INFORMATION GIVEN -

-*-

section \<open>The stochastic gradient oracle\<close>

context
  fixes D :: "'n::finite \<Rightarrow> 's measure" and g :: "'n \<Rightarrow> 'a::euclidean_space \<Rightarrow> 's \<Rightarrow> 'a"
    and df :: "'n \<Rightarrow> 'a \<Rightarrow> 'a" and \<sigma> L :: real
  assumes prob: "\<And>i. prob_space (D i)"
    and meas: "\<And>i. (\<lambda>(x, s). g i x s) \<in> borel_measurable (borel \<Otimes>\<^sub>M D i)"
    and unbiased: "\<And>i x. integrable (D i) (g i x) \<and> (\<integral>s. g i x s \<partial>D i) = df i x"
    and variance: "\<And>i x. (\<integral>\<^sup>+s. ennreal ((norm (g i x s - df i x))\<^sup>2) \<partial>D i) \<le> ennreal (\<sigma>\<^sup>2)"
    and lipschitz: "\<And>i x y. norm (df i x - df i y) \<le> L * norm (x - y)"
begin

abbreviation sample_space :: "('n \<times> nat \<Rightarrow> 's) measure" where
  "sample_space \<equiv> PiM UNIV (\<lambda>(i, t). D i)"

lemma prob_space_sample: "prob_space ((\<lambda>(i, t). D i) q)"
  by (cases q) (simp add: prob)

lemma prob_space_sample_space: "prob_space sample_space"
  by (rule prob_space_PiM) (simp add: prob_space_sample)

lemma measurable_coordinate: "(\<lambda>\<omega>. \<omega> (i, t)) \<in> measurable sample_space (D i)"
  using measurable_component_singleton[of "(i, t)" UNIV "\<lambda>(i, t). D i"] by simp

lemma measurable_sample_grad: "g i x \<in> borel_measurable (D i)"
  using measurable_compose[OF measurable_Pair1'[of x borel "D i"] meas[of i]] by simp

lemma measurable_grad [measurable]: "df i \<in> borel_measurable borel"
  using continuous_on_if_lipschitz_bound[OF lipschitz] by (rule borel_measurable_continuous_onI)

lemma nn_integral_norm_sq_add_noise_le:
  "(\<integral>\<^sup>+y. ennreal ((norm (w + c *\<^sub>R (g i x y - df i x)))\<^sup>2) \<partial>D i) \<le> ennreal ((norm w)\<^sup>2 + c\<^sup>2 * \<sigma>\<^sup>2)"
proof -
  interpret prob_space "D i" by (rule prob)
  define e where "e y = g i x y - df i x" for y
  have sq: "(norm (w + c *\<^sub>R e y))\<^sup>2 = (norm w)\<^sup>2 + 2 * c * (w \<bullet> e y) + c\<^sup>2 * (norm (e y))\<^sup>2" for y
    using dot_norm[of w "c *\<^sub>R e y"] by (simp add: power_mult_distrib)
  have e: "integrable (D i) e" "(\<integral>y. e y \<partial>D i) = 0"
    using unbiased[of i x] by (auto simp: e_def[abs_def] prob_space Bochner_Integration.integral_diff)
  have e_sq_m: "(\<lambda>y. (norm (e y))\<^sup>2) \<in> borel_measurable (D i)"
    using measurable_sample_grad unfolding e_def by measurable
  have e_sq_nn: "(\<integral>\<^sup>+y. ennreal ((norm (e y))\<^sup>2) \<partial>D i) \<le> ennreal (\<sigma>\<^sup>2)"
    using variance by (simp add: e_def)
  then have e_sq: "integrable (D i) (\<lambda>y. (norm (e y))\<^sup>2)"
    using e_sq_m by (auto simp: integrable_iff_bounded top.not_eq_extremum intro: le_less_trans)
  have "integrable (D i) (\<lambda>y. (norm w)\<^sup>2 + 2 * c * (w \<bullet> e y) + c\<^sup>2 * (norm (e y))\<^sup>2)"
    using e e_sq by auto
  then have "(\<integral>\<^sup>+y. ennreal ((norm (w + c *\<^sub>R e y))\<^sup>2) \<partial>D i)
      = ennreal (\<integral>y. (norm w)\<^sup>2 + 2 * c * (w \<bullet> e y) + c\<^sup>2 * (norm (e y))\<^sup>2 \<partial>D i)"
    unfolding sq by (rule nn_integral_eq_integral) (simp flip: sq)
  also have "\<dots> \<le> ennreal ((norm w)\<^sup>2 + c\<^sup>2 * \<sigma>\<^sup>2)"
  proof (rule ennreal_leI)
    have "(\<integral>y. (norm (e y))\<^sup>2 \<partial>D i) \<le> \<sigma>\<^sup>2"
      using integral_eq_nn_integral[OF e_sq_m] e_sq_nn by (simp add: enn2real_leI)
    then show "(\<integral>y. (norm w)\<^sup>2 + 2 * c * (w \<bullet> e y) + c\<^sup>2 * (norm (e y))\<^sup>2 \<partial>D i) \<le> (norm w)\<^sup>2 + c\<^sup>2 * \<sigma>\<^sup>2"
      using e e_sq by (simp add: prob_space mult_left_mono)
  qed
  finally show ?thesis by (simp only: e_def)
qed

lemma square_integrable_sample_grad:
  assumes z: "square_integrable sample_space z" and indep: "\<And>\<omega> y. z (fun_upd \<omega> (i, t) y) = z \<omega>"
  shows "square_integrable sample_space (\<lambda>\<omega>. g i (z \<omega>) (\<omega> (i, t)))"
proof -
  interpret prob_space sample_space by (rule prob_space_sample_space)
  have [measurable]: "z \<in> borel_measurable sample_space"
    using z by (simp add: square_integrable_def)
  have meas [measurable]: "(\<lambda>\<omega>. g i (z \<omega>) (\<omega> (i, t))) \<in> borel_measurable sample_space"
    using measurable_compose[OF measurable_Pair[OF _ measurable_coordinate] meas[of i]] by simp
  have bound: "(\<integral>\<^sup>+y. ennreal ((norm (g i x y))\<^sup>2) \<partial>D i)
      \<le> ennreal (2 * L\<^sup>2 * (norm x)\<^sup>2 + 2 * (norm (df i 0))\<^sup>2 + \<sigma>\<^sup>2)" for x
  proof -
    have "(\<integral>\<^sup>+y. ennreal ((norm (g i x y))\<^sup>2) \<partial>D i) \<le> ennreal ((norm (df i x))\<^sup>2 + \<sigma>\<^sup>2)"
      using nn_integral_norm_sq_add_noise_le[where w="df i x" and c=1 and i=i and x=x]
      by (simp del: ennreal_plus)
    also have "\<dots> \<le> ennreal (2 * L\<^sup>2 * (norm x)\<^sup>2 + 2 * (norm (df i 0))\<^sup>2 + \<sigma>\<^sup>2)"
    proof (rule ennreal_leI)
      have "(norm (df i x - df i 0))\<^sup>2 \<le> (L * norm x)\<^sup>2"
        using lipschitz[of i x 0] by (intro power_mono) auto
      then show "(norm (df i x))\<^sup>2 + \<sigma>\<^sup>2 \<le> 2 * L\<^sup>2 * (norm x)\<^sup>2 + 2 * (norm (df i 0))\<^sup>2 + \<sigma>\<^sup>2"
        using power2_norm_add_le[of "df i x - df i 0" "df i 0"] by (simp add: power_mult_distrib)
    qed
    finally show ?thesis .
  qed
  have "(\<integral>\<^sup>+\<omega>. ennreal ((norm (g i (z \<omega>) (\<omega> (i, t))))\<^sup>2) \<partial>sample_space)
     = (\<integral>\<^sup>+\<omega>. (\<integral>\<^sup>+y. ennreal ((norm (g i (z \<omega>) y))\<^sup>2) \<partial>D i) \<partial>sample_space)"
    using nn_integral_PiM_resample[where M="\<lambda>(i, t). D i" and q="(i, t)", OF prob_space_sample]
      meas by (simp add: indep)
  also have "\<dots> \<le> (\<integral>\<^sup>+\<omega>. ennreal (2 * L\<^sup>2 * (norm (z \<omega>))\<^sup>2 + 2 * (norm (df i 0))\<^sup>2 + \<sigma>\<^sup>2) \<partial>sample_space)"
    by (intro nn_integral_mono bound)
  also have "\<dots> < \<infinity>"
    using z by (subst nn_integral_eq_integral) (auto simp: square_integrable_def)
  finally show ?thesis
    using meas by (simp add: square_integrable_def integrable_iff_bounded)
qed

lemma iterates_square_integrable:
  "\<forall>i. square_integrable sample_space (\<lambda>\<omega>. xit Wb \<gamma> \<beta> g x0 \<omega> t i)
     \<and> square_integrable sample_space (\<lambda>\<omega>. y_iter Wb \<gamma> \<beta> g x0 \<omega> t i)
     \<and> square_integrable sample_space (\<lambda>\<omega>. snapshot Wb \<gamma> \<beta> g x0 \<omega> t i)
     \<and> square_integrable sample_space (\<lambda>\<omega>. round_sum Wb \<gamma> \<beta> g x0 \<omega> t i)"
proof (induction t)
  case 0
  have x0: "square_integrable sample_space (\<lambda>\<omega>. x0 i)" for i
    using prob_space_sample_space by (simp add: prob_space_def square_integrable_const)
  then have "square_integrable sample_space (\<lambda>\<omega>. gradG g x0 \<omega> 0 i)" for i
    unfolding gradG_def by (rule square_integrable_sample_grad) simp
  with x0 show ?case by (simp add: iterates_0)
next
  case (Suc t)
  note IH = Suc.IH[rule_format]
  let ?sq = "square_integrable sample_space"
  have X: "?sq (\<lambda>\<omega>. xit Wb \<gamma> \<beta> g x0 \<omega> (Suc t) i)" for i
    using IH by (cases "\<beta> dvd Suc t")
      (simp_all add: iterates_Suc square_integrable_mix square_integrable_diff square_integrable_scaleR)
  have G_new: "?sq (\<lambda>\<omega>. gradG g (xit Wb \<gamma> \<beta> g x0 \<omega> (Suc t)) \<omega> (Suc t) i)" for i
    unfolding gradG_def
  proof (rule square_integrable_sample_grad[OF X])
    show "xit Wb \<gamma> \<beta> g x0 (fun_upd \<omega> (i, Suc t) y) (Suc t) i = xit Wb \<gamma> \<beta> g x0 \<omega> (Suc t) i" for \<omega> y
      using iterates_depend_on_past[where t="Suc t" and \<omega>="fun_upd \<omega> (i, Suc t) y" and \<omega>'=\<omega> and g=g] by auto
  qed
  have G_snap: "?sq (\<lambda>\<omega>. gradG g (snapshot Wb \<gamma> \<beta> g x0 \<omega> t) \<omega> s i)" if "s = t \<or> s = Suc t" for i s
    unfolding gradG_def
  proof (rule square_integrable_sample_grad)
    show "?sq (\<lambda>\<omega>. snapshot Wb \<gamma> \<beta> g x0 \<omega> t i)" using IH by simp
    show "snapshot Wb \<gamma> \<beta> g x0 (fun_upd \<omega> (i, s) y) t i = snapshot Wb \<gamma> \<beta> g x0 \<omega> t i" for \<omega> y
      using iterates_depend_on_past[where t=t and \<omega>="fun_upd \<omega> (i, s) y" and \<omega>'=\<omega> and g=g] that by auto
  qed
  have Y: "?sq (\<lambda>\<omega>. y_iter Wb \<gamma> \<beta> g x0 \<omega> (Suc t) i)" for i
    using IH G_new G_snap by (cases "\<beta> dvd Suc t")
      (simp_all add: iterates_Suc square_integrable_mix square_integrable_diff square_integrable_add)
  have "?sq (\<lambda>\<omega>. snapshot Wb \<gamma> \<beta> g x0 \<omega> (Suc t) i)" "?sq (\<lambda>\<omega>. round_sum Wb \<gamma> \<beta> g x0 \<omega> (Suc t) i)" for i
    using IH X Y by (cases "\<beta> dvd Suc t"; simp add: iterates_Suc square_integrable_add)+
  with X Y show ?case by blast
qed

lemma nn_integral_next_round_le:
  fixes Wb :: "real^'n^'n" and \<gamma> :: real and \<beta> k :: nat and x0 :: "'n \<Rightarrow> 'a"
  assumes "col_sums_one Wb" "\<beta> \<ge> 1"
  defines "x \<equiv> \<lambda>\<omega>. xit Wb \<gamma> \<beta> g x0 \<omega> (\<beta> * k)"
  shows "(\<integral>\<^sup>+\<omega>. ennreal ((norm (node_avg (xit Wb \<gamma> \<beta> g x0 \<omega> (\<beta> * (k + 1))) - xs))\<^sup>2) \<partial>sample_space)
    \<le> (\<integral>\<^sup>+\<omega>. ennreal ((norm (node_avg (x \<omega>) - xs - (\<gamma> * real \<beta>) *\<^sub>R node_avg (\<lambda>i. df i (x \<omega> i))))\<^sup>2)
          \<partial>sample_space)
      + ennreal (\<gamma>\<^sup>2 * real \<beta> * \<sigma>\<^sup>2 / real CARD('n))"
proof -
  define N where "N = real CARD('n)"
  define K where "K = (UNIV :: 'n set) \<times> {\<beta> * k..<\<beta> * k + \<beta>}"
  define U :: "'n \<times> nat \<Rightarrow> 's \<Rightarrow> ('n \<times> nat \<Rightarrow> 's) \<Rightarrow> 'a"
    where "U q y \<omega> = (- \<gamma> / N) *\<^sub>R (g (fst q) (x \<omega> (fst q)) y - df (fst q) (x \<omega> (fst q)))" for q y \<omega>
  define v where "v \<omega> = node_avg (x \<omega>) - xs - (\<gamma> * real \<beta>) *\<^sub>R node_avg (\<lambda>i. df i (x \<omega> i))" for \<omega>
  have x_sq: "square_integrable sample_space (\<lambda>\<omega>. x \<omega> i)" for i
    using iterates_square_integrable by (simp add: x_def)
  then have [measurable]: "(\<lambda>\<omega>. x \<omega> i) \<in> borel_measurable sample_space" for i
    by (simp add: square_integrable_def)
  have x_indep: "x (fun_upd \<omega> q y) = x \<omega>" if "q \<in> K" for \<omega> q y
    using that iterates_depend_on_past[where t="\<beta> * k" and \<omega>="fun_upd \<omega> q y" and \<omega>'=\<omega> and g=g]
    by (auto simp: x_def K_def)
  have ident: "node_avg (xit Wb \<gamma> \<beta> g x0 \<omega> (\<beta> * (k + 1))) - xs = v \<omega> + (\<Sum>q\<in>K. U q (\<omega> q) \<omega>)" for \<omega>
    using node_avg_xit_next_round_noise[OF assms(1,2), where df=df and \<omega>=\<omega> and k=k and g=g]
    by (simp add: v_def U_def K_def N_def x_def case_prod_unfold)
  have noise: "(\<integral>\<^sup>+\<omega>. ennreal ((norm (v \<omega> + (\<Sum>q\<in>K. U q (\<omega> q) \<omega>)))\<^sup>2) \<partial>sample_space)
      \<le> (\<integral>\<^sup>+\<omega>. ennreal ((norm (v \<omega>))\<^sup>2) \<partial>sample_space) + ennreal (real (card K) * ((\<gamma> / N)\<^sup>2 * \<sigma>\<^sup>2))"
  proof (rule nn_integral_norm_sq_add_sum_le[where U=U and v=v, OF prob_space_sample])
    show "v \<in> borel_measurable sample_space"
      unfolding v_def node_avg_def by measurable
    show "(\<lambda>\<omega>. U q (\<omega> q) \<omega>) \<in> borel_measurable sample_space" if "q \<in> K" for q
    proof -
      obtain i t where q: "q = (i, t)" by (cases q)
      have "square_integrable sample_space (\<lambda>\<omega>. g i (x \<omega> i) (\<omega> (i, t)))"
        using that x_indep by (intro square_integrable_sample_grad x_sq) (simp add: q)
      then have [measurable]: "(\<lambda>\<omega>. g i (x \<omega> i) (\<omega> (i, t))) \<in> borel_measurable sample_space"
        by (simp add: square_integrable_def)
      show ?thesis unfolding U_def q fst_conv by measurable
    qed
    show "(\<integral>\<^sup>+y. ennreal ((norm (w + U q y \<omega>))\<^sup>2) \<partial>(\<lambda>(i, t). D i) q) \<le> ennreal ((norm w)\<^sup>2 + (\<gamma> / N)\<^sup>2 * \<sigma>\<^sup>2)"
      if "q \<in> K" for q \<omega> w
      using nn_integral_norm_sq_add_noise_le[where c="- \<gamma> / N" and i="fst q"]
      by (cases q) (simp add: U_def power_divide)
    show "v (fun_upd \<omega> q y) = v \<omega>" if "q \<in> K" for \<omega> q y
      using x_indep[OF that] by (simp add: v_def)
    show "U q y (fun_upd \<omega> q' y') = U q y \<omega>" if "q \<in> K" "q' \<in> K" for q q' \<omega> y y'
      using x_indep[OF that(2)] by (simp add: U_def)
  qed (simp_all add: K_def)
  have "real (card K) * ((\<gamma> / N)\<^sup>2 * \<sigma>\<^sup>2) = \<gamma>\<^sup>2 * real \<beta> * \<sigma>\<^sup>2 / real CARD('n)"
    by (simp add: K_def N_def card_cartesian_product power2_eq_square field_simps)
  with noise show ?thesis by (simp only: ident v_def)
qed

-*-

TASK BRIEF -
All that is wanted is a faithful reproduction of the line above with "by (auto simp: x_def K_def)", the line with "sample_space (\<lambda>\<omega>. g i (x", and every line in between.

ANSWER TO THIS PROBLEM -
    by (auto simp: x_def K_def)
  have ident: "node_avg (xit Wb \<gamma> \<beta> g x0 \<omega> (\<beta> * (k + 1))) - xs = v \<omega> + (\<Sum>q\<in>K. U q (\<omega> q) \<omega>)" for \<omega>
    using node_avg_xit_next_round_noise[OF assms(1,2), where df=df and \<omega>=\<omega> and k=k and g=g]
    by (simp add: v_def U_def K_def N_def x_def case_prod_unfold)
  have noise: "(\<integral>\<^sup>+\<omega>. ennreal ((norm (v \<omega> + (\<Sum>q\<in>K. U q (\<omega> q) \<omega>)))\<^sup>2) \<partial>sample_space)
      \<le> (\<integral>\<^sup>+\<omega>. ennreal ((norm (v \<omega>))\<^sup>2) \<partial>sample_space) + ennreal (real (card K) * ((\<gamma> / N)\<^sup>2 * \<sigma>\<^sup>2))"
  proof (rule nn_integral_norm_sq_add_sum_le[where U=U and v=v, OF prob_space_sample])
    show "v \<in> borel_measurable sample_space"
      unfolding v_def node_avg_def by measurable
    show "(\<lambda>\<omega>. U q (\<omega> q) \<omega>) \<in> borel_measurable sample_space" if "q \<in> K" for q
    proof -
      obtain i t where q: "q = (i, t)" by (cases q)
      have "square_integrable sample_space (\<lambda>\<omega>. g i (x \<omega> i) (\<omega> (i, t)))"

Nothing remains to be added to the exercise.